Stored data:
* * * *

lemma product_expansion:
  fixes f g :: "real \<Rightarrow> real"
  assumes f: "(\<lambda>h. f h - (a0 + a1 * h + a2 * h\<^sup>2)) \<in> O[nhds 0](\<lambda>h. h ^ 3)"
    and g: "(\<lambda>h. g h - (b0 * h ^ n + b1 * h ^ (n + 1) + b2 * h ^ (n + 2))) \<in> O[nhds 0](\<lambda>h. h ^ (n + 3))"
  shows "(\<lambda>h. f h * g h - (a0 * b0 * h ^ n + (a0 * b1 + a1 * b0) * h ^ (n + 1)
            + (a0 * b2 + a1 * b1 + a2 * b0) * h ^ (n + 2))) \<in> O[nhds 0](\<lambda>h. h ^ (n + 3))"
proof -
  define A where "A h = a0 + a1 * h + a2 * h\<^sup>2" for h :: real
  define B where "B h = b0 * h ^ n + b1 * h ^ (n + 1) + b2 * h ^ (n + 2)" for h :: real
  have A_bounded: "A \<in> O[nhds 0](\<lambda>_. 1)"
    unfolding A_def using bigo_power_mono_nhds0[of 0 1] bigo_power_mono_nhds0[of 0 2]
    by (intro sum_in_bigo) simp_all
  have B_order: "B \<in> O[nhds 0](\<lambda>h. h ^ n)"
    unfolding B_def using bigo_power_mono_nhds0[of n "n + 1"] bigo_power_mono_nhds0[of n "n + 2"]
    by (intro sum_in_bigo) simp_all
  have g_order: "g \<in> O[nhds 0](\<lambda>h. h ^ n)"
    using sum_in_bigo(1)[OF landau_o.big.trans[OF g[folded B_def] bigo_power_mono_nhds0] B_order]
    by simp
  have "(\<lambda>h. (f h - A h) * g h) \<in> O[nhds 0](\<lambda>h. h ^ 3 * h ^ n)"
    using landau_o.big.mult[OF f[folded A_def] g_order] .
  then have first: "(\<lambda>h. (f h - A h) * g h) \<in> O[nhds 0](\<lambda>h. h ^ (n + 3))"
    by (simp add: power_add mult.commute)
  have second: "(\<lambda>h. A h * (g h - B h)) \<in> O[nhds 0](\<lambda>h. h ^ (n + 3))"
    using landau_o.big.mult[OF A_bounded g[folded B_def]] by simp
  have third: "(\<lambda>h. (a1 * b2 + a2 * b1) * h ^ (n + 3) + a2 * b2 * h ^ (n + 4)) \<in> O[nhds 0](\<lambda>h. h ^ (n + 3))"
    using bigo_power_mono_nhds0[of "n + 3" "n + 4"] by (intro sum_in_bigo) simp_all
  have "(\<lambda>h. (f h - A h) * g h + A h * (g h - B h)
      + ((a1 * b2 + a2 * b1) * h ^ (n + 3) + a2 * b2 * h ^ (n + 4))) \<in> O[nhds 0](\<lambda>h. h ^ (n + 3))"
    using sum_in_bigo(1)[OF sum_in_bigo(1)[OF first second] third] .
  then show ?thesis
    by (simp add: A_def B_def power_add power2_eq_square eval_nat_numeral algebra_simps)
qed

lemma odd_expansion_symmetrized_quotient:
  fixes F :: "real \<Rightarrow> real"
  assumes F: "(\<lambda>h. F h - (c0 * h ^ n + c1 * h ^ (n + 1) + c2 * h ^ (n + 2))) \<in> O[nhds 0](\<lambda>h. h ^ (n + 3))"
    and "odd n"
  shows "(\<lambda>h. (F h + F (- h)) / h - 2 * c1 * h ^ n) \<in> O[at_right 0](\<lambda>h. h ^ (n + 2))"
proof -
  define E where "E h = F h - (c0 * h ^ n + c1 * h ^ (n + 1) + c2 * h ^ (n + 2))" for h
  have "filterlim (\<lambda>h::real. - h) (nhds 0) (nhds 0)"
    using tendsto_minus[OF filterlim_ident[of "nhds (0::real)"]] by simp
  then have "(\<lambda>h. E (- h)) \<in> O[nhds 0](\<lambda>h. (- h) ^ (n + 3))"
    using landau_o.big.compose[OF F[folded E_def]] by blast
  then have "(\<lambda>h. E h + E (- h)) \<in> O[nhds 0](\<lambda>h. h ^ (n + 3))"
    using F[folded E_def] \<open>odd n\<close> by (intro sum_in_bigo) simp_all
  then have quotient: "(\<lambda>h. (E h + E (- h)) * inverse h) \<in> O[at_right 0](\<lambda>h. h ^ (n + 3) * inverse h)"
    by (intro landau_o.big.mult landau_o.big_refl landau_o.big.filter_mono[OF at_within_le_nhds])
  have numerator: "\<forall>\<^sub>F h in at_right 0. (E h + E (- h)) * inverse h = (F h + F (- h)) / h - 2 * c1 * h ^ n"
    using eventually_at_right_less[of "0::real"] \<open>odd n\<close>
    by (auto elim!: eventually_mono simp: E_def field_simps power_add)
  have denominator: "\<forall>\<^sub>F h in at_right 0. h ^ (n + 3) * inverse h = (h::real) ^ (n + 2)"
    using eventually_at_right_less[of "0::real"]
    by (rule eventually_mono) (simp add: field_simps eval_nat_numeral)
  show ?thesis
    using quotient landau_o.big.cong_ex[OF numerator denominator] by simp
qed

lemma smooth1_DERIV:
  assumes "smooth1 u"
  shows "((deriv ^^ n) u has_real_derivative (deriv ^^ Suc n) u y) (at y)"
  using assms by (simp add: smooth1_def DERIV_deriv_iff_real_differentiable)

definition taylor_poly :: "(real \<Rightarrow> real) \<Rightarrow> real \<Rightarrow> nat \<Rightarrow> real \<Rightarrow> real" where
  "taylor_poly u x N t = (\<Sum>k<N. (deriv ^^ k) u x / fact k * t ^ k)"

lemma taylor_poly_3: "taylor_poly u x 3 t = u x + deriv u x * t + (deriv ^^ 2) u x / 2 * t\<^sup>2"
  by (simp add: taylor_poly_def eval_nat_numeral fact_Suc)
(* For $x\in(0,27/4)$ define \begin{align*} V(x)=&\frac{\sqrt{3}}{2^{10/3}\pi x^{2/3}}\left(3\sqrt{1-4x/27}-1\right)\left(1+\sqrt{1-4x/27}\right)^{1/3}\\ &+\frac{1}{2^{8/3}\pi x^{1/3}\sqrt{3}}\left(3\sqrt{1-4x/27}+1\right)\left(1+\sqrt{1-4x/27}\right)^{-1/3}. \end{align*} Then for every integer $n\ge0$, \[ \int_0^{27/4}x^nV(x)\,dx=\binom{3n}{n}\frac{1}{n+1}. \] Consequently $V$ is the density of the unique probability measure $\mu_0$ on $\mathbb{R}$ whose moments are $\binom{3n}{n}\frac{1}{n+1}$, $n\ge0$. *)

theory Defs
  imports "HOL-Probability.Probability"
begin

definition V :: "real \<Rightarrow> real" where
  "V x = sqrt 3 / (2 powr (10/3) * pi * x powr (2/3))
           * (3 * sqrt (1 - 4 * x / 27) - 1) * (1 + sqrt (1 - 4 * x / 27)) powr (1/3)
       + 1 / (2 powr (8/3) * pi * x powr (1/3) * sqrt 3)
           * (3 * sqrt (1 - 4 * x / 27) + 1) * (1 + sqrt (1 - 4 * x / 27)) powr (-1/3)"

definition mu0 :: "real measure" where
  "mu0 = density lborel (\<lambda>x. ennreal (indicator {0<..<27/4} x * V x))"

end

theory Submission
  imports Defs
begin

text \<open>
  The substitution x = phi t = 27 t^3 / (1 + t^3)^2, an increasing bijection from [0, 1] onto
  [0, 27/4], turns V x dx into W t phi' t dt with W t = (1 - t) (1 + t)^3 / (12 sqrt 3 pi t^2),
  so all moments of V become integrals of rational functions of t with explicit antiderivatives.
  An arctan term gives total mass 1. For each n, a multiple of phi^n t P_n(t) / (1 + t^3)^4,
  with a polynomial P_n of degree 10 vanishing at t = 1, is an antiderivative of
  (a_n phi - b_n) phi^n W phi', where a_n = 2 (n + 2) (2 n + 1) and b_n = 3 (3 n + 1) (3 n + 2).
  It vanishes at both ends, so the moments satisfy a_n m_(n+1) = b_n m_n, as does
  binomial (3 n) n / (n + 1).

  For uniqueness, moments bounded by (27/4)^n confine any such distribution to [-27/4, 27/4]
  (Markov's inequality). There polynomials are uniformly dense in the continuous functions, so
  two such distributions integrate the continuous approximations of indicators of half-lines
  equally, and hence have the same distribution function.
\<close>

section \<open>Compactly supported distributions are determined by their moments\<close>

lemma (in real_distribution) measure_abs_ge_le_even_moment:
  assumes "integrable M (\<lambda>x. x^(2 * k))" "0 < r"
  shows "measure M {x \<in> space M. r \<le> \<bar>x\<bar>} \<le> (\<integral>x. x^(2 * k) \<partial>M) / r^(2 * k)"
proof -
  have "r^(2 * k) \<le> x^(2 * k)" if "r \<le> \<bar>x\<bar>" for x
  proof -
    have "r^(2 * k) \<le> \<bar>x\<bar>^(2 * k)" using that assms(2) by (intro power_mono) auto
    then show ?thesis by (simp add: power_even_abs)
  qed
  then have "{x \<in> space M. r \<le> \<bar>x\<bar>} \<subseteq> {x \<in> space M. r^(2 * k) \<le> x^(2 * k)}"
    by auto
  then have "measure M {x \<in> space M. r \<le> \<bar>x\<bar>} \<le> measure M {x \<in> space M. r^(2 * k) \<le> x^(2 * k)}"
    by (intro finite_measure_mono) auto
  also have "\<dots> \<le> (\<integral>x. x^(2 * k) \<partial>M) / r^(2 * k)"
    using assms by (intro integral_Markov_inequality_measure[where A = "space M"]) auto
  finally show ?thesis .
qed

lemma (in real_distribution) AE_abs_le_by_moment_bound:
  assumes int: "\<And>n. integrable M (\<lambda>x. x^n)"
    and bound: "\<And>n. (\<integral>x. x^n \<partial>M) \<le> c^n" and "0 \<le> c"
  shows "AE x in M. \<bar>x\<bar> \<le> c"
proof (rule AE_upper_bound_inf)
  fix e :: real
  assume "0 < e"
  define r where "r = c + e"
  have r: "0 < r" "c < r" using \<open>0 \<le> c\<close> \<open>0 < e\<close> by (simp_all add: r_def)
  have "measure M {x \<in> space M. r \<le> \<bar>x\<bar>} \<le> ((c / r)^2)^k" for k
  proof -
    have "measure M {x \<in> space M. r \<le> \<bar>x\<bar>} \<le> (\<integral>x. x^(2 * k) \<partial>M) / r^(2 * k)"
      using measure_abs_ge_le_even_moment[OF int r(1)] .
    also have "\<dots> \<le> c^(2 * k) / r^(2 * k)" using bound r by (simp add: divide_right_mono)
    finally show ?thesis by (simp add: power_divide power_mult)
  qed
  moreover have "(\<lambda>k. ((c / r)^2)^k) \<longlonglongrightarrow> 0"
    using r \<open>0 \<le> c\<close> by (intro LIMSEQ_power_zero) (simp add: power_less_one_iff abs_square_less_1)
  ultimately have "measure M {x \<in> space M. r \<le> \<bar>x\<bar>} \<le> 0"
    by (intro LIMSEQ_le_const[where X = "\<lambda>k. ((c / r)^2)^k"]) auto
  then have "emeasure M {x \<in> space M. r \<le> \<bar>x\<bar>} = 0"
    by (simp add: emeasure_eq_measure measure_le_0_iff)
  moreover have "{x \<in> space M. r \<le> \<bar>x\<bar>} \<in> events" by measurable
  ultimately show "AE x in M. \<bar>x\<bar> \<le> c + e"
    by (intro AE_I[where N = "{x \<in> space M. r \<le> \<bar>x\<bar>}"]) (auto simp: r_def)
qed

lemma (in real_distribution) integral_approx_by_polynomial:
  fixes f :: "real \<Rightarrow> real"
  assumes int: "\<And>n. integrable M (\<lambda>x. x^n)" and supp: "AE x in M. \<bar>x\<bar> \<le> c"
    and f: "continuous_on UNIV f" "\<And>x. \<bar>f x\<bar> \<le> B"
    and approx: "\<And>x. x \<in> {-c..c} \<Longrightarrow> \<bar>f x - (\<Sum>i\<le>k. a i * x^i)\<bar> < e"
  shows "\<bar>(\<integral>x. f x \<partial>M) - (\<Sum>i\<le>k. a i * (\<integral>x. x^i \<partial>M))\<bar> \<le> e"
proof -
  have f_meas: "f \<in> borel_measurable M"
    using borel_measurable_continuous_onI[OF f(1)] measurable_cong_sets[OF events_eq_borel refl] by simp
  have f_int: "integrable M f" by (rule integrable_const_bound[where B = B]) (use f(2) f_meas in auto)
  let ?h = "\<lambda>x. f x - (\<Sum>i\<le>k. a i * x^i)"
  have h_int: "integrable M ?h" using f_int int by auto
  have "(\<integral>x. ?h x \<partial>M) = (\<integral>x. f x \<partial>M) - (\<Sum>i\<le>k. a i * (\<integral>x. x^i \<partial>M))"
    using f_int int by (simp add: integral_sum)
  moreover have ae: "AE x in M. \<bar>?h x\<bar> \<le> e"
    using supp
  proof eventually_elim
    case (elim x)
    then have "x \<in> {-c..c}" by auto
    then show ?case using approx less_imp_le by blast
  qed
  have "(\<integral>x. ?h x \<partial>M) \<le> (\<integral>x. e \<partial>M)"
    by (rule integral_mono_AE[OF h_int]) (use ae in auto)
  moreover have "(\<integral>x. - e \<partial>M) \<le> (\<integral>x. ?h x \<partial>M)"
    by (rule integral_mono_AE[OF _ h_int]) (use ae in auto)
  ultimately show ?thesis using prob_space by (simp add: abs_le_iff)
qed

lemma integral_eq_by_moments:
  fixes M N :: "real measure" and f :: "real \<Rightarrow> real"
  assumes M: "real_distribution M" and N: "real_distribution N"
    and int_M: "\<And>n. integrable M (\<lambda>x. x^n)" and int_N: "\<And>n. integrable N (\<lambda>x. x^n)"
    and moments: "\<And>n. (\<integral>x. x^n \<partial>M) = (\<integral>x. x^n \<partial>N)"
    and supp_M: "AE x in M. \<bar>x\<bar> \<le> c" and supp_N: "AE x in N. \<bar>x\<bar> \<le> c"
    and f: "continuous_on UNIV f" "\<And>x. \<bar>f x\<bar> \<le> B"
  shows "(\<integral>x. f x \<partial>M) = (\<integral>x. f x \<partial>N)"
proof (rule ccontr)
  define A B where "A = (\<integral>x. f x \<partial>M)" and "B = (\<integral>x. f x \<partial>N)"
  define e where "e = \<bar>A - B\<bar> / 3"
  assume "(\<integral>x. f x \<partial>M) \<noteq> (\<integral>x. f x \<partial>N)"
  then have "0 < e" by (simp add: e_def A_def B_def)
  then obtain g where g: "real_polynomial_function g" "\<And>x. x \<in> {-c..c} \<Longrightarrow> \<bar>f x - g x\<bar> < e"
    using Stone_Weierstrass_real_polynomial_function[of "{-c..c}" f e] continuous_on_subset[OF f(1)]
    by auto
  then obtain a k where "g = (\<lambda>x. \<Sum>i\<le>k. a i * x^i)"
    using real_polynomial_function_iff_sum by metis
  with g(2) have approx: "\<And>x. x \<in> {-c..c} \<Longrightarrow> \<bar>f x - (\<Sum>i\<le>k. a i * x^i)\<bar> < e" by simp
  define S where "S = (\<Sum>i\<le>k. a i * (\<integral>x. x^i \<partial>M))"
  have "\<bar>A - S\<bar> \<le> e" unfolding A_def S_def
    by (rule real_distribution.integral_approx_by_polynomial[OF M int_M supp_M f approx])
  moreover have "\<bar>B - S\<bar> \<le> e" unfolding B_def S_def moments
    by (rule real_distribution.integral_approx_by_polynomial[OF N int_N supp_N f approx])
  ultimately have "\<bar>A - B\<bar> \<le> 2 * e" by (simp add: abs_le_iff)
  then show False using \<open>0 < e\<close> by (simp add: e_def)
qed

lemma cdf_le_by_cts_step_integrals:
  fixes M N :: "real measure"
  assumes M: "real_distribution M" and N: "real_distribution N"
    and eq: "\<And>x y. x < y \<Longrightarrow> (\<integral>z. cts_step x y z \<partial>M) = (\<integral>z. cts_step x y z \<partial>N)"
  shows "cdf M x \<le> cdf N x"
proof -
  have "(cdf N \<longlongrightarrow> cdf N x) (at_right x)"
    using finite_borel_measure.cdf_is_right_cont[OF real_distribution.finite_borel_measure_M[OF N]]
    unfolding continuous_within .
  moreover have "\<forall>\<^sub>F y in at_right x. cdf M x \<le> cdf N y"
    using eventually_at_right_less[of x]
  proof eventually_elim
    case (elim y)
    have "cdf M x \<le> (\<integral>z. cts_step x y z \<partial>M)" using real_distribution.cdf_cts_step(1)[OF M elim] .
    also have "\<dots> = (\<integral>z. cts_step x y z \<partial>N)" using eq[OF elim] .
    also have "\<dots> \<le> cdf N y" using real_distribution.cdf_cts_step(2)[OF N elim] .
    finally show ?case .
  qed
  ultimately show ?thesis by (rule tendsto_lowerbound) (simp add: trivial_limit_at_right_real)
qed

lemma real_distribution_eq_by_moments:
  fixes M N :: "real measure"
  assumes M: "real_distribution M" and N: "real_distribution N"
    and int_M: "\<And>n. integrable M (\<lambda>x. x^n)" and int_N: "\<And>n. integrable N (\<lambda>x. x^n)"
    and moments: "\<And>n. (\<integral>x. x^n \<partial>M) = (\<integral>x. x^n \<partial>N)"
    and supp_M: "AE x in M. \<bar>x\<bar> \<le> c" and supp_N: "AE x in N. \<bar>x\<bar> \<le> c"
  shows "M = N"
proof -
  have step_eq: "(\<integral>z. cts_step x y z \<partial>M) = (\<integral>z. cts_step x y z \<partial>N)" if "x < y" for x y
  proof (rule integral_eq_by_moments[OF M N int_M int_N moments supp_M supp_N])
    show "continuous_on UNIV (cts_step x y)"
      by (rule uniformly_continuous_imp_continuous[OF cts_step_uniformly_continuous[OF that]])
    show "\<bar>cts_step x y z\<bar> \<le> 1" for z using that by (auto simp: cts_step_def field_simps)
  qed
  have "cdf M = cdf N"
    using cdf_le_by_cts_step_integrals[OF M N step_eq] cdf_le_by_cts_step_integrals[OF N M step_eq[symmetric]]
    by (intro ext antisym)
  then show ?thesis using cdf_unique[OF M N] by blast
qed

section \<open>The substitution \<open>x = phi t\<close>\<close>

definition phi :: "real \<Rightarrow> real" where
  "phi t = 27 * t^3 / (1 + t^3)^2"

definition phi' :: "real \<Rightarrow> real" where
  "phi' t = 81 * t^2 * (1 - t^3) / (1 + t^3)^3"

definition phi_inv :: "real \<Rightarrow> real" where
  "phi_inv x = root 3 ((1 - sqrt (1 - 4 * x / 27)) / (1 + sqrt (1 - 4 * x / 27)))"

definition W :: "real \<Rightarrow> real" where
  "W t = (1 - t) * (1 + t)^3 / (12 * sqrt 3 * pi * t^2)"

lemma one_plus_cube_pos: "0 \<le> t \<Longrightarrow> 0 < 1 + (t::real)^3"
  by (simp add: add_pos_nonneg)

lemma has_real_derivative_phi: "0 \<le> t \<Longrightarrow> (phi has_real_derivative phi' t) (at t)"
proof -
  assume "0 \<le> t"
  then have q: "0 < 1 + t^3" by (rule one_plus_cube_pos)
  have "(phi has_real_derivative
      (27 * (3 * t^2) * (1 + t^3)^2 - 27 * t^3 * (2 * (1 + t^3) * (3 * t^2))) / ((1 + t^3)^2)^2) (at t)"
    unfolding phi_def[abs_def] using q by (auto intro!: derivative_eq_intros simp: power2_eq_square)
  moreover have "(27 * (3 * t^2) * (1 + t^3)^2 - 27 * t^3 * (2 * (1 + t^3) * (3 * t^2))) / ((1 + t^3)^2)^2
      = phi' t"
    using q by (simp add: phi'_def field_simps) (simp add: algebra_simps eval_nat_numeral)
  ultimately show ?thesis by simp
qed

lemma phi'_pos:
  assumes "0 < t" "t < 1"
  shows "0 < phi' t"
proof -
  have "t^3 < 1" using assms by (simp add: power_less_one_iff)
  then show ?thesis using assms one_plus_cube_pos[of t] by (simp add: phi'_def)
qed

lemma sqrt_one_minus_phi:
  assumes "0 \<le> t" "t \<le> 1"
  shows "sqrt (1 - 4 * phi t / 27) = (1 - t^3) / (1 + t^3)"
proof -
  have q: "0 < 1 + t^3" using assms(1) by (rule one_plus_cube_pos)
  have "1 - 4 * phi t / 27 = ((1 - t^3) / (1 + t^3))^2"
    using q by (simp add: phi_def field_simps) (simp add: algebra_simps power2_eq_square)
  moreover have "0 \<le> 1 - t^3" using assms by (simp add: power_le_one)
  ultimately show ?thesis using q by simp
qed

lemma
  assumes "0 \<le> x" "x \<le> 27/4"
  shows phi_inv_bounds: "0 \<le> phi_inv x" "phi_inv x \<le> 1"
    and phi_phi_inv: "phi (phi_inv x) = x"
proof -
  define s where "s = sqrt (1 - 4 * x / 27)"
  have s: "0 \<le> s" "s \<le> 1" "s^2 = 1 - 4 * x / 27" using assms by (auto simp: s_def)
  define y where "y = (1 - s) / (1 + s)"
  have y: "0 \<le> y" "y \<le> 1" using s by (auto simp: y_def field_simps)
  have inv: "phi_inv x = root 3 y" by (simp add: phi_inv_def y_def s_def)
  show "0 \<le> phi_inv x" "phi_inv x \<le> 1" using y inv by auto
  have "phi (phi_inv x) = 27 * y / (1 + y)^2" using y by (simp add: phi_def inv)
  also have "\<dots> = 27 * (1 - s^2) / 4" using s by (simp add: y_def field_simps power2_eq_square)
  finally show "phi (phi_inv x) = x" using s by simp
qed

* * * *

Aim of the task:
One stretch of the lines above is wanted, from the line that contains "by (intro AE_I[where" through the line that contains "using borel_measurable_continuous_onI[OF f(1)]". Output it exactly.

Solution below:
    by (intro AE_I[where N = "{x \<in> space M. r \<le> \<bar>x\<bar>}"]) (auto simp: r_def)
qed

lemma (in real_distribution) integral_approx_by_polynomial:
  fixes f :: "real \<Rightarrow> real"
  assumes int: "\<And>n. integrable M (\<lambda>x. x^n)" and supp: "AE x in M. \<bar>x\<bar> \<le> c"
    and f: "continuous_on UNIV f" "\<And>x. \<bar>f x\<bar> \<le> B"
    and approx: "\<And>x. x \<in> {-c..c} \<Longrightarrow> \<bar>f x - (\<Sum>i\<le>k. a i * x^i)\<bar> < e"
  shows "\<bar>(\<integral>x. f x \<partial>M) - (\<Sum>i\<le>k. a i * (\<integral>x. x^i \<partial>M))\<bar> \<le> e"
proof -
  have f_meas: "f \<in> borel_measurable M"
    using borel_measurable_continuous_onI[OF f(1)] measurable_cong_sets[OF events_eq_borel refl] by simp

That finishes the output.